▶ _Task requirements_:
Where the listing below has a line with "fixes t a b", write out exactly that line and every line after it, stopping after the line with "2 \<longrightarrow> (\<forall>k<N.".

▶ _Material supplied_:
lemma Z_single: "Z (t,a,b,c,d,e,f) [u] [w] = (1-t)*c*u"
proof -
  have "{bs::bool list. length bs = 0} = {[]}" by auto
  then show ?thesis
    by (simp add: Z_def applyB_def Omega_def Bel_def UNIV_bool sum_lists_length_Suc)
qed

theorem mainTheorem6:
  fixes t a b c d e f :: complex and N :: nat and us ws :: "complex list"
  assumes "t \<noteq> 0" "a \<noteq> 0" "b \<noteq> 0" "c \<noteq> 0" "d \<noteq> 0" "e \<noteq> 0" "f \<noteq> 0"
    and "t \<noteq> 1" and "c*d + a*f = 0" and "t*c*d + b*e = 0"
    and "N \<ge> 1" and "length us = N" and "length ws = N"
  shows "(\<exists>q :: complex poly. degree q \<le> N - 1 \<and>
            (\<forall>x. Z (t,a,b,c,d,e,f) us (ws[N-1 := x]) = poly q x))
       \<and> (\<forall>vs. mset vs = mset us \<longrightarrow> Z (t,a,b,c,d,e,f) vs ws = Z (t,a,b,c,d,e,f) us ws)
       \<and> (\<forall>u1 w1. Z (t,a,b,c,d,e,f) [u1] [w1] = (1-t)*c*u1)
       \<and> (N \<ge> 2 \<longrightarrow> (\<forall>k<N.
            Z (t,a,b,c,d,e,f) us (ws[N-1 := -a*us!k/b])
            = (1-t)*c*a^(N-1)*us!k
              * (\<Prod>j\<in>{0..<N}-{k}. t*us!j - us!k)
              * (\<Prod>j<N-1. e*us!k + f*ws!j)
              * Z (t,a,b,c,d,e,f) (take k us @ drop (Suc k) us) (take (N-1) ws)))"
proof (intro conjI allI impI)
  show "\<exists>q :: complex poly. degree q \<le> N - 1 \<and> (\<forall>x. Z (t,a,b,c,d,e,f) us (ws[N-1 := x]) = poly q x)"
    using Z_poly_fun_last[OF assms(12,13,11)] unfolding poly_fun_degree_le_def .
next
  fix vs :: "complex list"
  assume "mset vs = mset us"
  then show "Z (t,a,b,c,d,e,f) vs ws = Z (t,a,b,c,d,e,f) us ws"
    by (rule Z_mset_eq[OF assms(9,10)])
next
  fix u1 w1
  show "Z (t,a,b,c,d,e,f) [u1] [w1] = (1-t)*c*u1"
    by (rule Z_single)
next
  fix k
  assume "N \<ge> 2" "k < N"
  then show "Z (t,a,b,c,d,e,f) us (ws[N-1 := -a*us!k/b])
      = (1-t)*c*a^(N-1)*us!k * (\<Prod>j\<in>{0..<N}-{k}. t*us!j - us!k) * (\<Prod>j<N-1. e*us!k + f*ws!j)
        * Z (t,a,b,c,d,e,f) (take k us @ drop (Suc k) us) (take (N-1) ws)"
    using Z_at_special_point[OF assms(9,10,3) _ assms(12,13)] by blast
qed

end
(* Let $X$ be a $T_0$ space. If $GSI_2$-convergence in $X$ is topological, then $X$ is strongly $QI_2$-continuous.
   Context: For a $T_0$ space $X$, the specialization order is $x\le y$ iff $x\in \mathrm{cl}\{y\}$; $\uparrow A=\{x: a\le x\text{ for some } a\in A\}$, $\uparrow x=\uparrow\{x\}$; $A^\uparrow$, $A^\downarrow$ are the sets of upper and lower bounds of $A$, and $A^\delta=(A^\uparrow)^\downarrow$. A nonempty subset $A$ of a space is irreducible if whenever $A\subseteq F_1\cup F_2$ with $F_1,F_2$ closed, $A\subseteq F_1$ or $A\subseteq F_2$. $X^{(<\omega)}$ is the set of nonempty finite subsets of $X$. $P_S(X)$ is the set of nonempty compact saturated (upper) subsets of $X$ with the upper Vietoris topology, basis $\{\square U: U\text{ open}\}$, $\square U=\{Q: Q\subseteq U\}$. A net is eventually in $U$ if from some index on all its terms lie in $U$; it converges to $x$ in a topology if it is eventually in every open set containing $x$. $U\subseteq X$ is $SI_2$-open if $U$ is open and for every irreducible $F\subseteq X$, $F^\delta\cap U\ne\emptyset$ implies $F\cap U\neq\emptyset$. A net $(x_i)_{i\in I}$ $GSI_2$-converges to $x$ if there exists $\mathcal F\subseteq X^{(<\omega)}$ with $\{\uparrow G: G\in\mathcal F\}$ irreducible in $P_S(X)$ such that (i) for every open $U$, if $\uparrow G\subseteq U$ for some $G\in\mathcal F$ then $x_i\in U$ eventually, and (ii) $\bigcap_{G\in\mathcal F}\uparrow G\subseteq\uparrow x$. Let $\mathcal{O}(\mathcal{GSI}_2(X))$ be the topology of all $U\subseteq X$ such that every net $GSI_2$-converging to a point of $U$ is eventually in $U$. $GSI_2$-convergence in $X$ is topological if for every net and point, the net $GSI_2$-converges to the point iff it converges to it in the topology $\mathcal{O}(\mathcal{GSI}_2(X))$. For $A\subseteq X$, $x\in X$, $A\ll_{I_2}x$ means: for every irreducible $D\subseteq X$ with $x\in D^\delta$, $A\cap\mathrm{cl}D\ne\emptyset$. For $x\in X$, $w(x)=\{\uparrow F: F\in X^{(<\omega)}, F\ll_{I_2}x\}$. $X$ is $QI_2$-continuous if for every $x\in X$, $w(x)$ is irreducible in $P_S(X)$ and $\uparrow x=\bigcap w(x)$. $X$ is strongly $QI_2$-continuous if it is $QI_2$-continuous and for every $F\in X^{(<\omega)}$, $x\in X$ with $F\ll_{I_2}x$, and every open $U$ with $F\subseteq U$, there is an $SI_2$-open set $W$ with $x\in W\subseteq U$. *)

theory Defs
  imports "HOL-Analysis.Analysis"
begin

definition spec_le :: "'a topology \<Rightarrow> 'a \<Rightarrow> 'a \<Rightarrow> bool" where
  "spec_le X x y \<longleftrightarrow> x \<in> topspace X \<and> y \<in> topspace X \<and> x \<in> X closure_of {y}"

definition upset :: "'a topology \<Rightarrow> 'a set \<Rightarrow> 'a set" where
  "upset X A = {x \<in> topspace X. \<exists>a\<in>A. spec_le X a x}"

definition upper_bounds :: "'a topology \<Rightarrow> 'a set \<Rightarrow> 'a set" where
  "upper_bounds X A = {u \<in> topspace X. \<forall>a\<in>A. spec_le X a u}"

definition lower_bounds :: "'a topology \<Rightarrow> 'a set \<Rightarrow> 'a set" where
  "lower_bounds X A = {l \<in> topspace X. \<forall>a\<in>A. spec_le X l a}"

definition cut_delta :: "'a topology \<Rightarrow> 'a set \<Rightarrow> 'a set" where
  "cut_delta X A = lower_bounds X (upper_bounds X A)"

definition irreducible_in :: "'a topology \<Rightarrow> 'a set \<Rightarrow> bool" where
  "irreducible_in X A \<longleftrightarrow> A \<noteq> {} \<and> A \<subseteq> topspace X \<and>
     (\<forall>F1 F2. closedin X F1 \<longrightarrow> closedin X F2 \<longrightarrow> A \<subseteq> F1 \<union> F2 \<longrightarrow> A \<subseteq> F1 \<or> A \<subseteq> F2)"

definition fin_subsets :: "'a topology \<Rightarrow> 'a set set" where
  "fin_subsets X = {F. F \<subseteq> topspace X \<and> finite F \<and> F \<noteq> {}}"

definition saturated_in :: "'a topology \<Rightarrow> 'a set \<Rightarrow> bool" where
  "saturated_in X A \<longleftrightarrow> A \<subseteq> topspace X \<and> upset X A = A"

definition smyth_carrier :: "'a topology \<Rightarrow> 'a set set" where
  "smyth_carrier X = {Q. Q \<noteq> {} \<and> compactin X Q \<and> saturated_in X Q}"

definition smyth_box :: "'a topology \<Rightarrow> 'a set \<Rightarrow> 'a set set" where
  "smyth_box X U = {Q \<in> smyth_carrier X. Q \<subseteq> U}"

definition smyth_space :: "'a topology \<Rightarrow> 'a set topology" where
  "smyth_space X = topology_generated_by {smyth_box X U | U. openin X U}"

definition SI2_open :: "'a topology \<Rightarrow> 'a set \<Rightarrow> bool" where
  "SI2_open X U \<longleftrightarrow> openin X U \<and>
     (\<forall>F. irreducible_in X F \<longrightarrow> cut_delta X F \<inter> U \<noteq> {} \<longrightarrow> F \<inter> U \<noteq> {})"

text \<open>Nets are represented by their filters of tails (eventuality filters), the
  standard Isabelle/HOL rendering of nets: a net in X is a proper filter F on 'a
  that is eventually in topspace X; "the net is eventually in U" is
  \<open>eventually (\<lambda>y. y \<in> U) F\<close>.\<close>

definition net_in :: "'a topology \<Rightarrow> 'a filter \<Rightarrow> bool" where
  "net_in X F \<longleftrightarrow> F \<noteq> bot \<and> eventually (\<lambda>y. y \<in> topspace X) F"

definition GSI2_converges :: "'a topology \<Rightarrow> 'a filter \<Rightarrow> 'a \<Rightarrow> bool" where
  "GSI2_converges X F x \<longleftrightarrow>
     (\<exists>\<F>. \<F> \<subseteq> fin_subsets X \<and> irreducible_in (smyth_space X) (upset X ` \<F>) \<and>
        (\<forall>U. openin X U \<longrightarrow> (\<exists>G\<in>\<F>. upset X G \<subseteq> U) \<longrightarrow> eventually (\<lambda>y. y \<in> U) F) \<and>
        \<Inter> (upset X ` \<F>) \<subseteq> upset X {x})"

definition GSI2_open :: "'a topology \<Rightarrow> 'a set \<Rightarrow> bool" where
  "GSI2_open X U \<longleftrightarrow> U \<subseteq> topspace X \<and>
     (\<forall>F x. net_in X F \<longrightarrow> x \<in> U \<longrightarrow> GSI2_converges X F x \<longrightarrow> eventually (\<lambda>y. y \<in> U) F)"

definition GSI2_topological :: "'a topology \<Rightarrow> bool" where
  "GSI2_topological X \<longleftrightarrow>
     (\<forall>F. \<forall>x\<in>topspace X. net_in X F \<longrightarrow>
        (GSI2_converges X F x \<longleftrightarrow>
         (\<forall>U. GSI2_open X U \<longrightarrow> x \<in> U \<longrightarrow> eventually (\<lambda>y. y \<in> U) F)))"

definition I2_way_below :: "'a topology \<Rightarrow> 'a set \<Rightarrow> 'a \<Rightarrow> bool" where
  "I2_way_below X A x \<longleftrightarrow>
     (\<forall>D. irreducible_in X D \<longrightarrow> x \<in> cut_delta X D \<longrightarrow> A \<inter> (X closure_of D) \<noteq> {})"

definition wI2 :: "'a topology \<Rightarrow> 'a \<Rightarrow> 'a set set" where
  "wI2 X x = {upset X F | F. F \<in> fin_subsets X \<and> I2_way_below X F x}"

definition QI2_continuous :: "'a topology \<Rightarrow> bool" where
  "QI2_continuous X \<longleftrightarrow>
     (\<forall>x\<in>topspace X. irreducible_in (smyth_space X) (wI2 X x) \<and> upset X {x} = \<Inter> (wI2 X x))"

definition strongly_QI2_continuous :: "'a topology \<Rightarrow> bool" where
  "strongly_QI2_continuous X \<longleftrightarrow> QI2_continuous X \<and>
     (\<forall>F x U. F \<in> fin_subsets X \<longrightarrow> x \<in> topspace X \<longrightarrow> I2_way_below X F x \<longrightarrow>
        openin X U \<longrightarrow> F \<subseteq> U \<longrightarrow> (\<exists>W. SI2_open X W \<and> x \<in> W \<and> W \<subseteq> U))"

end

theory Submission
  imports Defs
begin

▶ _Output for this task_:
  fixes t a b c d e f :: complex and N :: nat and us ws :: "complex list"
  assumes "t \<noteq> 0" "a \<noteq> 0" "b \<noteq> 0" "c \<noteq> 0" "d \<noteq> 0" "e \<noteq> 0" "f \<noteq> 0"
    and "t \<noteq> 1" and "c*d + a*f = 0" and "t*c*d + b*e = 0"
    and "N \<ge> 1" and "length us = N" and "length ws = N"
  shows "(\<exists>q :: complex poly. degree q \<le> N - 1 \<and>
            (\<forall>x. Z (t,a,b,c,d,e,f) us (ws[N-1 := x]) = poly q x))
       \<and> (\<forall>vs. mset vs = mset us \<longrightarrow> Z (t,a,b,c,d,e,f) vs ws = Z (t,a,b,c,d,e,f) us ws)
       \<and> (\<forall>u1 w1. Z (t,a,b,c,d,e,f) [u1] [w1] = (1-t)*c*u1)
       \<and> (N \<ge> 2 \<longrightarrow> (\<forall>k<N.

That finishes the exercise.